**What is required:** Retype the line with "using w by (auto" in it, then each line after it to the end of the data, word for word.

**Given information:**
lemma supported_unit_nonzero: "supported_unit P t w \<Longrightarrow> w \<noteq> 0"
  by (auto simp: supported_unit_def)

lemma qform_schur_vector: "schur_vector M P t w \<Longrightarrow> qform M w = (M *v w)$t"
proof -
  assume "schur_vector M P t w"
  then have "qform M w = (\<Sum>i\<in>UNIV. if i = t then (M *v w)$t else 0)"
    unfolding qform_def cinner_def schur_vector_def supported_unit_def by (intro sum.cong) auto
  then show ?thesis by simp
qed

text \<open>Clearing row \<open>t\<close> off the diagonal is a sequence of column operations with the unit
  column \<open>t\<close>.\<close>

lemma det_unit_column:
  fixes A :: "complex^'m^'m"
  assumes unit: "\<And>i. A$i$t = (if i = t then 1 else 0)"
  shows "det A = det (\<chi> i j. if i = t then (if j = t then 1 else 0) else A$i$j)"
proof -
  define V :: "complex^'m^'m" where
    "V = (\<chi> k j. if k = t then (if j = t then 0 else A$t$j) else 0)"
  have AV: "(A ** V)$i$j = (if i = t \<and> j \<noteq> t then A$t$j else 0)" for i j
    unfolding matrix_matrix_mult_def V_def using unit by (simp add: delta_simps)
  have U: "det (mat 1 - V) = 1"
  proof -
    define u :: "complex^'m" where "u = (\<chi> k. if k = t then 1 else - A$t$k)"
    have "transpose (mat 1 - V) = (\<chi> i j. if j = t then u$i else (mat 1 :: complex^'m^'m)$i$j)"
      by (auto simp: vec_eq_iff V_def u_def transpose_def mat_def)
    moreover have "det (\<chi> i j. if j = t then u$i else (mat 1 :: complex^'m^'m)$i$j) = u$t"
      using cramer_lemma[where A = "mat 1 :: complex^'m^'m" and x = u and k = t]
      unfolding matrix_vector_mul_lid by simp
    ultimately have "det (transpose (mat 1 - V)) = u$t" by simp
    then show ?thesis by (simp add: u_def)
  qed
  have "A ** (mat 1 - V) = A - A ** V"
    unfolding vec_eq_iff matrix_matrix_mult_def
    by (simp add: right_diff_distrib sum_subtractf mat_def delta_simps)
  also have "\<dots> = (\<chi> i j. if i = t then (if j = t then 1 else 0) else A$i$j)"
    using AV unit by (auto simp: vec_eq_iff)
  finally have "A ** (mat 1 - V) = (\<chi> i j. if i = t then (if j = t then 1 else 0) else A$i$j)" .
  then show ?thesis using U by (metis det_mul mult.right_neutral)
qed

lemma principal_pad_mult_schur_vector:
  assumes tP: "t \<in> P" and w: "schur_vector M P t w"
  shows "principal_pad M P *v w = qform M w *s (\<chi> i. if i = t then 1 else 0)"
proof (rule vec_eq_iff[THEN iffD2], intro allI)
  fix i
  have supp: "\<And>j. j \<notin> P \<Longrightarrow> w$j = 0" "i \<in> P - {t} \<Longrightarrow> (M *v w)$i = 0"
    using w by (auto simp: schur_vector_def supported_unit_def)
  show "(principal_pad M P *v w)$i = (qform M w *s (\<chi> i. if i = t then 1 else 0))$i"
  proof (cases "i \<in> P")
    case True
    then have "(principal_pad M P *v w)$i = (M *v w)$i"
      using supp(1) by (intro principal_pad_mult_inside) auto
    then show ?thesis using True supp(2) qform_schur_vector[OF w] by auto
  next
    case False
    then show ?thesis using tP supp(1) by (auto simp: principal_pad_mult_outside)
  qed
qed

**Task answer:**
    using w by (auto simp: schur_vector_def supported_unit_def)
  show "(principal_pad M P *v w)$i = (qform M w *s (\<chi> i. if i = t then 1 else 0))$i"
  proof (cases "i \<in> P")
    case True
    then have "(principal_pad M P *v w)$i = (M *v w)$i"
      using supp(1) by (intro principal_pad_mult_inside) auto
    then show ?thesis using True supp(2) qform_schur_vector[OF w] by auto
  next
    case False
    then show ?thesis using tP supp(1) by (auto simp: principal_pad_mult_outside)
  qed
qed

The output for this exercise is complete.